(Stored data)
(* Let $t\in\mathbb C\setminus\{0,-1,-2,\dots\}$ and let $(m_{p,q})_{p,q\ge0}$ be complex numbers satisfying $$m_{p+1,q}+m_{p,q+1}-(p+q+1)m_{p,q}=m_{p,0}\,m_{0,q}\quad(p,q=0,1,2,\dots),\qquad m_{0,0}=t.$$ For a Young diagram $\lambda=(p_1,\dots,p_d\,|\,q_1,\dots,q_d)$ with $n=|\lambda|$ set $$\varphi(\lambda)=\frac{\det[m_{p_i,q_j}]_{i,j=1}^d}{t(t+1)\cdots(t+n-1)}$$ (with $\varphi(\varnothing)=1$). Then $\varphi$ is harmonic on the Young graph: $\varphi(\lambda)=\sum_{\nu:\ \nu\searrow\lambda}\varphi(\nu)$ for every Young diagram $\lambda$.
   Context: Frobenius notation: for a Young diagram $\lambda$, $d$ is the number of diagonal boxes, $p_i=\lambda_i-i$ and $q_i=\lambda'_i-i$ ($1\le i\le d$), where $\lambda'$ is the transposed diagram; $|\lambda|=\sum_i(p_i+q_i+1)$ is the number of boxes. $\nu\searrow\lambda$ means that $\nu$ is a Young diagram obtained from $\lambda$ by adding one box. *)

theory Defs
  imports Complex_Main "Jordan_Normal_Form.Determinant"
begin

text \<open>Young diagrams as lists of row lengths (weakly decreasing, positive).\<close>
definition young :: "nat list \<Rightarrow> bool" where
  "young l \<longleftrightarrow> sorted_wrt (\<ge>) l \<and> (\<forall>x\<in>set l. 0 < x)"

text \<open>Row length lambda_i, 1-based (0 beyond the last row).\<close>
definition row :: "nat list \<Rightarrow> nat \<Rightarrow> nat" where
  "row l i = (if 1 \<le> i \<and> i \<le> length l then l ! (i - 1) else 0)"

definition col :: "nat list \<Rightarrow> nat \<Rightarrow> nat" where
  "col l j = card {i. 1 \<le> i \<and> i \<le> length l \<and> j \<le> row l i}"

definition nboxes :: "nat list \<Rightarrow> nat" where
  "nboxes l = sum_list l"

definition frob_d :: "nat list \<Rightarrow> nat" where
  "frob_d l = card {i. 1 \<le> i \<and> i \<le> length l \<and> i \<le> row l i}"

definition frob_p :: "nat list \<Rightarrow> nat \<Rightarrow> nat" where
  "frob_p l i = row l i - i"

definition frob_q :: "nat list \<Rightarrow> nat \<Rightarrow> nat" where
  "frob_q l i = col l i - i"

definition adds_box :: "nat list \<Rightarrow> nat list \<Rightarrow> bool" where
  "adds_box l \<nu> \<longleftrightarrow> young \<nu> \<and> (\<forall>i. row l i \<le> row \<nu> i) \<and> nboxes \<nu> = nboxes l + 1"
...
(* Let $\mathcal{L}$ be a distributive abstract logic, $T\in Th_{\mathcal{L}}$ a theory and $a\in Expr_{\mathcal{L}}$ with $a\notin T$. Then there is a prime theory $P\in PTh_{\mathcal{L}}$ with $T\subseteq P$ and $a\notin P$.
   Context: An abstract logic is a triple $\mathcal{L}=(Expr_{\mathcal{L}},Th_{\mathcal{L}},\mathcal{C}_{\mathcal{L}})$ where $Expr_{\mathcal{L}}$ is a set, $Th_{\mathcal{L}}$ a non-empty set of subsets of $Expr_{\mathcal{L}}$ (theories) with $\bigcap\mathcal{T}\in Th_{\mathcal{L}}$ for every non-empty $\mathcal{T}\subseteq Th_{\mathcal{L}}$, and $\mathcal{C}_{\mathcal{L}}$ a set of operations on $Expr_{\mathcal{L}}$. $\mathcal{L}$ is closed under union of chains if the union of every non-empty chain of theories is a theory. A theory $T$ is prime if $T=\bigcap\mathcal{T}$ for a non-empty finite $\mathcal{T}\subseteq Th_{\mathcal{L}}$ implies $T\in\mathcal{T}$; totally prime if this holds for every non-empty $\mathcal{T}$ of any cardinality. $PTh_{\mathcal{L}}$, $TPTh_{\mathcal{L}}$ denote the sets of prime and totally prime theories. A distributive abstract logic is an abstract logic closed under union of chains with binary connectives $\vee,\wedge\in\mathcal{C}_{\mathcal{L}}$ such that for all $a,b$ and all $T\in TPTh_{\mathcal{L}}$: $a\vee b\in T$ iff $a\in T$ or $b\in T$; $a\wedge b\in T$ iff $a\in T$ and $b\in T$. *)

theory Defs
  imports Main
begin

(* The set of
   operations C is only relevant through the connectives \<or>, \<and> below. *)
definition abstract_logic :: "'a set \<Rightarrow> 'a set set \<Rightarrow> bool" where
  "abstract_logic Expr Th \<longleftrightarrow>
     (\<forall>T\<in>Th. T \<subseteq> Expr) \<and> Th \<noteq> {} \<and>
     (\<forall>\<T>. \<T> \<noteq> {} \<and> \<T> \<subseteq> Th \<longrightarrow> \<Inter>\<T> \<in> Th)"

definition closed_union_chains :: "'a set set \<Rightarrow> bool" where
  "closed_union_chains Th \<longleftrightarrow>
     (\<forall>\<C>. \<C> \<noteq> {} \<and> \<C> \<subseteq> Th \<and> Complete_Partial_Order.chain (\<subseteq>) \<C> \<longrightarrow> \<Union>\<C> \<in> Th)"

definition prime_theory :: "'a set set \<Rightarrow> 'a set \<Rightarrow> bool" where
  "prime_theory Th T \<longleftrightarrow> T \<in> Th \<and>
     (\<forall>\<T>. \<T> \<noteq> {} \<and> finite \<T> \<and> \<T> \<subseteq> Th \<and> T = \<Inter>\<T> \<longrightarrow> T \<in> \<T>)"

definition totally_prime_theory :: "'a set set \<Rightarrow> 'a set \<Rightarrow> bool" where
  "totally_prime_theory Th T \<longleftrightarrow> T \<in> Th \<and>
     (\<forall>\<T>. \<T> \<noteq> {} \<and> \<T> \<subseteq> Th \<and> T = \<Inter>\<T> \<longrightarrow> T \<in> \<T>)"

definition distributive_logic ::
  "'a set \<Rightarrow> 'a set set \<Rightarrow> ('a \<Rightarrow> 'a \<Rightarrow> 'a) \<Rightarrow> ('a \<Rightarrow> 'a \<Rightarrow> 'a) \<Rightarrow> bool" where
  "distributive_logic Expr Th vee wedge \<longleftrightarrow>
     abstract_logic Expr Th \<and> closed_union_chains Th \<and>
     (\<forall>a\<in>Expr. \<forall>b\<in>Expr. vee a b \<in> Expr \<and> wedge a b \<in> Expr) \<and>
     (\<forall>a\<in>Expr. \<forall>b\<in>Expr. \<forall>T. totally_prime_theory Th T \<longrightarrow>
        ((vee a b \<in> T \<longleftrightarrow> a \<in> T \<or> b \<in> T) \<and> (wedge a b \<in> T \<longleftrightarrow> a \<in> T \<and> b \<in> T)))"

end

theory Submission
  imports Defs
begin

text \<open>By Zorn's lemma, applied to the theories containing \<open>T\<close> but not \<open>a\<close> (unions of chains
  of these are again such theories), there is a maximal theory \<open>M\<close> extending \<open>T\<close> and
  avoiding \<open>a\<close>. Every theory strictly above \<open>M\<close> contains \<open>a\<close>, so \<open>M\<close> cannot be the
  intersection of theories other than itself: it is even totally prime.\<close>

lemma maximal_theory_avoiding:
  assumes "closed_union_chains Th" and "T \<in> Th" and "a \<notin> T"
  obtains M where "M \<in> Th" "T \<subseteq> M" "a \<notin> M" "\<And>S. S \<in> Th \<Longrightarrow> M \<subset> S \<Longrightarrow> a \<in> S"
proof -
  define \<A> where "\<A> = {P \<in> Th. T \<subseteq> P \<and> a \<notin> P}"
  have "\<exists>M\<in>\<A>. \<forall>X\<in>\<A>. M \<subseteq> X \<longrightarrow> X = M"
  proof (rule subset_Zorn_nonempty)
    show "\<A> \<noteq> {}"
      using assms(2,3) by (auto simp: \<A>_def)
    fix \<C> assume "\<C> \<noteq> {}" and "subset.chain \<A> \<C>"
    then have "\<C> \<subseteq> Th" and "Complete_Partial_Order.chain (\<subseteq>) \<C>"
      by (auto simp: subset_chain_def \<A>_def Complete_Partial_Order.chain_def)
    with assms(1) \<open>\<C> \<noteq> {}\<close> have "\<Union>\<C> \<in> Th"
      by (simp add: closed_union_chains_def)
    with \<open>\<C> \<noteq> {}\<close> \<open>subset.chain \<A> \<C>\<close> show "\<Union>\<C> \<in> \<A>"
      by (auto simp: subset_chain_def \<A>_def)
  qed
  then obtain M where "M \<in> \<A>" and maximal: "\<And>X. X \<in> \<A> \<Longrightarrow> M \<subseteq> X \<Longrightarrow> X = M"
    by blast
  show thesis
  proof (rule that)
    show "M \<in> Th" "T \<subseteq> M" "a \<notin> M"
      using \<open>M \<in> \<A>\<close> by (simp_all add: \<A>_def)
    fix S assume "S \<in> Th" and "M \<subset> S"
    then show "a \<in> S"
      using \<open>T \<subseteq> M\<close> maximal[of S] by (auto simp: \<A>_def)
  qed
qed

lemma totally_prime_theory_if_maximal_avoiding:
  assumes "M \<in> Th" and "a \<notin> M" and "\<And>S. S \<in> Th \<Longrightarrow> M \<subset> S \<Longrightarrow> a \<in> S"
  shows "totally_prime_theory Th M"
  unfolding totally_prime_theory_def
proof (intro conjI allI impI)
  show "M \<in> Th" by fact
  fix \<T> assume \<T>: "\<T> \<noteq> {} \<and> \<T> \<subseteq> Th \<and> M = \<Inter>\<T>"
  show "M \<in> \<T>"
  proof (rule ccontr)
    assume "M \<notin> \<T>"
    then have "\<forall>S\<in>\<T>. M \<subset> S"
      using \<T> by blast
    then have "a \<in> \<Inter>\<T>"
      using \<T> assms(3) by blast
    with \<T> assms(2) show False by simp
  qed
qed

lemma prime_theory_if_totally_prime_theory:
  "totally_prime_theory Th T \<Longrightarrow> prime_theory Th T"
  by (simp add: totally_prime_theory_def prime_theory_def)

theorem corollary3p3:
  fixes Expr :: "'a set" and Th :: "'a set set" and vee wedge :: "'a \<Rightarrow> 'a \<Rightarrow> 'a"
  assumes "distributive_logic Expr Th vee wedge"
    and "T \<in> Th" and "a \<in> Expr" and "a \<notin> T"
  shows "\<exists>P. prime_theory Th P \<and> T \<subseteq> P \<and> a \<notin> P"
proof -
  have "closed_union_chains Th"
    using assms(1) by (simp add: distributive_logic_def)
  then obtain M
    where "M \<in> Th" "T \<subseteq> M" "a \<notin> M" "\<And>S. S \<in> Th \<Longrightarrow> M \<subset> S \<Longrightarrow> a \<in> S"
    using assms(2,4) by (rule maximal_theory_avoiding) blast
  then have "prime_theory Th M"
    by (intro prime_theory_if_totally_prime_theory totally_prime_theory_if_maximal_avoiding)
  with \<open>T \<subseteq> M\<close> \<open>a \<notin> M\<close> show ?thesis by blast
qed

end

- _ASSIGNMENT_
Go line by line through the records above and copy each one containing "auto".

- _COMPLETED TASK_
      using assms(2,3) by (auto simp: \<A>_def)
      by (auto simp: subset_chain_def \<A>_def Complete_Partial_Order.chain_def)
      by (auto simp: subset_chain_def \<A>_def)
      using \<open>T \<subseteq> M\<close> maximal[of S] by (auto simp: \<A>_def)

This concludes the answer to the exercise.